**WORK TASK**
Read the records beneath this task and copy every line that contains the string "blast".

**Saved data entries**

-----

lemma bounded_by_short_steps:
  fixes \<phi> :: "real \<Rightarrow> real"
  assumes "continuous_on {t0..<T} \<phi>" "0 < \<delta>"
    and step: "\<And>a t P Q. t0 \<le> a \<Longrightarrow> a \<le> t \<Longrightarrow> t < T \<Longrightarrow> t - a \<le> \<delta>
      \<Longrightarrow> (\<forall>s\<in>{t0..a}. \<phi> s \<le> P) \<Longrightarrow> (\<forall>s\<in>{t0..t}. \<phi> s \<le> Q) \<Longrightarrow> \<phi> t \<le> C + E * P + Q / 2"
  shows "\<exists>S. \<forall>t\<in>{t0..<T}. \<phi> t \<le> S"
proof -
  have "\<exists>S. \<forall>t\<in>{t0..<T}. t \<le> t0 + k * \<delta> \<longrightarrow> \<phi> t \<le> S" for k :: nat
  proof (induction k)
    case 0
    show ?case
      by (intro exI[of _ "\<phi> t0"]) auto
  next
    case (Suc k)
    then obtain S where S: "\<forall>t\<in>{t0..<T}. t \<le> t0 + k * \<delta> \<longrightarrow> \<phi> t \<le> S"
      by blast
    have "t0 \<le> t0 + k * \<delta>"
      using \<open>0 < \<delta>\<close> by simp
    then have "\<phi> t \<le> max S (2 * C + 2 * E * S)" if "t \<in> {t0..<T}" "t \<le> t0 + k * \<delta> + \<delta>" for t
      by (rule bound_extends_by_short_step[OF assms(1) _ _ S that]) (rule step)
    then show ?case
      by (intro exI[of _ "max S (2 * C + 2 * E * S)"]) (simp add: algebra_simps)
  qed
  moreover obtain k :: nat where "T - t0 < k * \<delta>"
    using ex_less_of_nat_mult[OF \<open>0 < \<delta>\<close>] by blast
  ultimately show ?thesis
    by (metis atLeastLessThan_iff diff_less_eq add.commute less_eq_real_def less_trans)
qed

-----

**ANSWER SECTION**
      by blast
    using ex_less_of_nat_mult[OF \<open>0 < \<delta>\<close>] by blast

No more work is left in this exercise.